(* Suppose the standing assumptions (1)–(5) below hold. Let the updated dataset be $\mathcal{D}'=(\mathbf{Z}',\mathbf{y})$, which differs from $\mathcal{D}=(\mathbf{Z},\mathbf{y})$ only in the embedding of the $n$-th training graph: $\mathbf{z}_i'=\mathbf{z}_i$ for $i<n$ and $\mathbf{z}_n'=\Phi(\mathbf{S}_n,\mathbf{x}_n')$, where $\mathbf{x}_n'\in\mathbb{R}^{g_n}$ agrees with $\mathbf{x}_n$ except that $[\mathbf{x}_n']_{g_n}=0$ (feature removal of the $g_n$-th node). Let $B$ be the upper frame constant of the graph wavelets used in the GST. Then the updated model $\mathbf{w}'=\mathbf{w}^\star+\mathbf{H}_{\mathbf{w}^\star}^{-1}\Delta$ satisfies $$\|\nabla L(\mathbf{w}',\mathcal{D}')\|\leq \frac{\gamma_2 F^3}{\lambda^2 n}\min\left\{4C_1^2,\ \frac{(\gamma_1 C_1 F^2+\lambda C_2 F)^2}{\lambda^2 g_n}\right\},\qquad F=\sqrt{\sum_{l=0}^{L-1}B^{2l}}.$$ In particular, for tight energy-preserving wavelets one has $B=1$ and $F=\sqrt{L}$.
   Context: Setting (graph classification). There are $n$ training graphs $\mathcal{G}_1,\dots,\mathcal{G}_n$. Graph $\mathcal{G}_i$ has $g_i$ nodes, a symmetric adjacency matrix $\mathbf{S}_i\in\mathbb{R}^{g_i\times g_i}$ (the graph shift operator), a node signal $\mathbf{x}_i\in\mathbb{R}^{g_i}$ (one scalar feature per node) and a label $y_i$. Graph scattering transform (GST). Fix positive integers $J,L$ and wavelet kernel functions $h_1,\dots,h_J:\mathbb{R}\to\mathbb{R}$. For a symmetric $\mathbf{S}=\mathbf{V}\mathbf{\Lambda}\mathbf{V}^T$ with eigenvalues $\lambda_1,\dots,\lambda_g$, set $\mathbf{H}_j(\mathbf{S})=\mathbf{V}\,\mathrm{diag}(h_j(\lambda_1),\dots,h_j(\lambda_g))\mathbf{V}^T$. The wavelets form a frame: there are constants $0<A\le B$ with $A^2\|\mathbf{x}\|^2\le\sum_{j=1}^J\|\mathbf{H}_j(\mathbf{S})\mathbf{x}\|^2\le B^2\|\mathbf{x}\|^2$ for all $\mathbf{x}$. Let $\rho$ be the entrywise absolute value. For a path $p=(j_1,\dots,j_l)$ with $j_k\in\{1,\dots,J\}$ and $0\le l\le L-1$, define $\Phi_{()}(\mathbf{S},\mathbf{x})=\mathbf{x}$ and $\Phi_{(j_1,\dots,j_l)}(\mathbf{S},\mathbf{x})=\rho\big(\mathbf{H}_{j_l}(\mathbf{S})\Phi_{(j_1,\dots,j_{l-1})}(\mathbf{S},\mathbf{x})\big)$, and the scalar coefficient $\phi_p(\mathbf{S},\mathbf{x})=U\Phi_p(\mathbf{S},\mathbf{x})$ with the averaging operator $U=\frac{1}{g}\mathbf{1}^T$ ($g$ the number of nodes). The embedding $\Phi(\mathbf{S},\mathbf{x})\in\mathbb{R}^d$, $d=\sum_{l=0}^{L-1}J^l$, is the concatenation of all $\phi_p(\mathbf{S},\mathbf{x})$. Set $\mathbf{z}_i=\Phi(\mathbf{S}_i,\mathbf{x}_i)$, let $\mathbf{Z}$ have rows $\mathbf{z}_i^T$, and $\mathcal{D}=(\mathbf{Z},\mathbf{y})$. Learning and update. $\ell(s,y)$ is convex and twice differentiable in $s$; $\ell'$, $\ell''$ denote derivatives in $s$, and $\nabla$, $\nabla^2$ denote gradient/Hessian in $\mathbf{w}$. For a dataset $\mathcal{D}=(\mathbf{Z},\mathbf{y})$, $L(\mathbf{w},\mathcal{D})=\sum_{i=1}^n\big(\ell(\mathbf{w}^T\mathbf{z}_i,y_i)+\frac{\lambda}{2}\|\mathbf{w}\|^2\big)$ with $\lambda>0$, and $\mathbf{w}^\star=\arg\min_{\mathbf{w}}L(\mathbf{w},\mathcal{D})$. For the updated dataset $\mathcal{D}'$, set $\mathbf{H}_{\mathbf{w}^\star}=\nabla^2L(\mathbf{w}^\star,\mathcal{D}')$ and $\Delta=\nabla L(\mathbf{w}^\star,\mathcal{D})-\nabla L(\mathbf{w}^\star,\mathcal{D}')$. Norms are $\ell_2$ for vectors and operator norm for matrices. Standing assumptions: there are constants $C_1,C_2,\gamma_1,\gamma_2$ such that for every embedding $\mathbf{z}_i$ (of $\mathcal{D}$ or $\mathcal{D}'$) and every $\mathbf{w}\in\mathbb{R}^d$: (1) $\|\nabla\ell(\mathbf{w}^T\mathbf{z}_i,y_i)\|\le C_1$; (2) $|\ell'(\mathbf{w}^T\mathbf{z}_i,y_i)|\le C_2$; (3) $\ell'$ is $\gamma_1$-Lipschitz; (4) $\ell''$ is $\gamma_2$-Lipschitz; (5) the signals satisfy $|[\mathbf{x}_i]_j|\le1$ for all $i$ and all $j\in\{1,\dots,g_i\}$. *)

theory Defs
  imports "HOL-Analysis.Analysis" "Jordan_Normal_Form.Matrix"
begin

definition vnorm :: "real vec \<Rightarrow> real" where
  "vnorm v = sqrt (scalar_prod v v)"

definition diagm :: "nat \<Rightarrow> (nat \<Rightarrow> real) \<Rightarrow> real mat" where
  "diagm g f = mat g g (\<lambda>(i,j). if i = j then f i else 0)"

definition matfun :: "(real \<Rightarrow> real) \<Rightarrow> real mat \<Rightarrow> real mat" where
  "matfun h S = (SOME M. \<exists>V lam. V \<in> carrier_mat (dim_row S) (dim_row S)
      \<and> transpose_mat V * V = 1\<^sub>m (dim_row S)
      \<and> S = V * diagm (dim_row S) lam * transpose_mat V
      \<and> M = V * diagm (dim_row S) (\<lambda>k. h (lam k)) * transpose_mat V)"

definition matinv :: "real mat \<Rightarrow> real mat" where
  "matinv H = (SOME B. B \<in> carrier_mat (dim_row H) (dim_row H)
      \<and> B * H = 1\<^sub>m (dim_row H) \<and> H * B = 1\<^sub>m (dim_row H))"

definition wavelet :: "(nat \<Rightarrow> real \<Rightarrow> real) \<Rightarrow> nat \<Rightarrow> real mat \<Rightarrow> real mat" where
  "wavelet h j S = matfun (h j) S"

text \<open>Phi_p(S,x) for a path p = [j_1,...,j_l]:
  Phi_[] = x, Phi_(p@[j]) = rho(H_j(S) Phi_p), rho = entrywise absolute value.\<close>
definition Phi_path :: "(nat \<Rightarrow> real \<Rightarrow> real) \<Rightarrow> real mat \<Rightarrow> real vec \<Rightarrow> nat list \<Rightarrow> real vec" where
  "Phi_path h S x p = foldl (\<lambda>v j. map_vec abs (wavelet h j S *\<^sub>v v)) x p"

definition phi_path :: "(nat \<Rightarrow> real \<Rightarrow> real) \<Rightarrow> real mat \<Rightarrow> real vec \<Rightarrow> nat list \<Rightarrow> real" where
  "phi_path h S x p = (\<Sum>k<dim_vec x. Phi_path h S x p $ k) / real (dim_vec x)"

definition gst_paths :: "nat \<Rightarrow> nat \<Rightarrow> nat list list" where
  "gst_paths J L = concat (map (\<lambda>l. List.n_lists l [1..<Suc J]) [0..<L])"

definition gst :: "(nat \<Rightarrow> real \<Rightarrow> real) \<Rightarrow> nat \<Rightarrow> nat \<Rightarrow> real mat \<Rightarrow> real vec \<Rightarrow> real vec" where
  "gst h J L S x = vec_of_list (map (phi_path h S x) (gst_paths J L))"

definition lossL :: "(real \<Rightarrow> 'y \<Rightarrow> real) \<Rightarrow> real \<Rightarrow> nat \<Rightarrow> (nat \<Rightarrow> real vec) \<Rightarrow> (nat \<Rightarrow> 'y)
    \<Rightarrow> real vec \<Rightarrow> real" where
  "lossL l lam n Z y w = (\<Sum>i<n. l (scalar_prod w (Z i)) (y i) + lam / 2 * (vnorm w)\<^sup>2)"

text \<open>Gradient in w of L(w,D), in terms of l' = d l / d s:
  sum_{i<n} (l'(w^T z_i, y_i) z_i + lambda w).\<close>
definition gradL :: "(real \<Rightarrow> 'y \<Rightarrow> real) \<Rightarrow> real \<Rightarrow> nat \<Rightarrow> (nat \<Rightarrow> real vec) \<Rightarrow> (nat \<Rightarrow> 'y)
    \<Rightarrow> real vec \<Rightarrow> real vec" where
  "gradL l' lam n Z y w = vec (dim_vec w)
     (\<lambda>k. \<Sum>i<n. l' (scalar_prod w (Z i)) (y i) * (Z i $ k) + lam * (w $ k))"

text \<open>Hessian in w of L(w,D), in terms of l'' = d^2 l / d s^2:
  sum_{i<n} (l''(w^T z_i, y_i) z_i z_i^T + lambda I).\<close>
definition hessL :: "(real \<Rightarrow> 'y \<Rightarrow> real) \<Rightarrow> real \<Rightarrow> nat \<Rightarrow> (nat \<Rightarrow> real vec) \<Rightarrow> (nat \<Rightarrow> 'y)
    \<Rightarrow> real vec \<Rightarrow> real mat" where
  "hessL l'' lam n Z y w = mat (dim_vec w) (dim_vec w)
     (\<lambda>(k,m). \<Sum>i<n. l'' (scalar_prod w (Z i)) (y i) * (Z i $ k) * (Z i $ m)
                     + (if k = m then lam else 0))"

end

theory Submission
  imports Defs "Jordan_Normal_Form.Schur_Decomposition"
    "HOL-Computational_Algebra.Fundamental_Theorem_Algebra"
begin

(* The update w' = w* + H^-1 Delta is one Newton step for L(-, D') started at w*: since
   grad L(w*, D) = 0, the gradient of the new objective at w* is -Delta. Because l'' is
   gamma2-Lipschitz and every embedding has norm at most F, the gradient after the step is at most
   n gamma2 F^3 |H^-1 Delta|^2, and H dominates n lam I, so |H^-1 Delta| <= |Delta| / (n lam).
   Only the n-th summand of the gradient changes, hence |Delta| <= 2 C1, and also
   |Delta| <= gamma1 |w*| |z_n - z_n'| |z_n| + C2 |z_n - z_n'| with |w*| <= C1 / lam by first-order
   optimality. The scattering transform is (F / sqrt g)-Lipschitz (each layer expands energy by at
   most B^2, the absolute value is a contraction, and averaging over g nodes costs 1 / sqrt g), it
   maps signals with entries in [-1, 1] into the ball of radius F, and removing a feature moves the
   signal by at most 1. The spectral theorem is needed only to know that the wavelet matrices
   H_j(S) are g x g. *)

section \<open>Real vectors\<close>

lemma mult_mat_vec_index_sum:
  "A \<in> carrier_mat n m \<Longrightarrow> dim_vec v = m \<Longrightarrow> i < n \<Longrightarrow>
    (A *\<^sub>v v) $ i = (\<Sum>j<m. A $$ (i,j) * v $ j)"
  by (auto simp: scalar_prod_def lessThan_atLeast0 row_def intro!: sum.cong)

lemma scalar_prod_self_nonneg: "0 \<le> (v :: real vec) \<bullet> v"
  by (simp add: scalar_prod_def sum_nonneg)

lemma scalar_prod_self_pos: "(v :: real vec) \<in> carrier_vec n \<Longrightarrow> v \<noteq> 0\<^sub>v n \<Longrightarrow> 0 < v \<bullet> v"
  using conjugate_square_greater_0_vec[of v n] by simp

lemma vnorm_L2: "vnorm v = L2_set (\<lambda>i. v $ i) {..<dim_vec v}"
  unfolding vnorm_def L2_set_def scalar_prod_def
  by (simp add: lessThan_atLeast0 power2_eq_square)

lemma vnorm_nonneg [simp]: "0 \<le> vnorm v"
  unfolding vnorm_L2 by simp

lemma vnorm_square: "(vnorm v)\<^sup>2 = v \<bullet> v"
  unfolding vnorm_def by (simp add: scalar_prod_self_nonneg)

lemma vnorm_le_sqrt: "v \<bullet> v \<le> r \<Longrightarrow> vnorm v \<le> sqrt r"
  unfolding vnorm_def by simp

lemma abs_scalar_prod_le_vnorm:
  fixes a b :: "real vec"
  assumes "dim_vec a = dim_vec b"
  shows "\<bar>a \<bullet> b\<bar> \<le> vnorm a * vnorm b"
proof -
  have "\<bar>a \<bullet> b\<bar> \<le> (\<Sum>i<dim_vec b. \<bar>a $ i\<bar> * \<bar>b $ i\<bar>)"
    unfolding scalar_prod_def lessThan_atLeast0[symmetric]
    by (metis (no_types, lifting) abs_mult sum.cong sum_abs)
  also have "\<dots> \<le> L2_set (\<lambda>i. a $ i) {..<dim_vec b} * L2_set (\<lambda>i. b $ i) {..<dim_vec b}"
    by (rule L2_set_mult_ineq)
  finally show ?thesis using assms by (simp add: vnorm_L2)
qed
^^^^^^^^
**WHAT YOU ARE ASKED TO DO**
Go through the entries above and report how many lines hold the word "lemma". Nothing but the number is needed.

**RESULT FOR THIS TASK**
8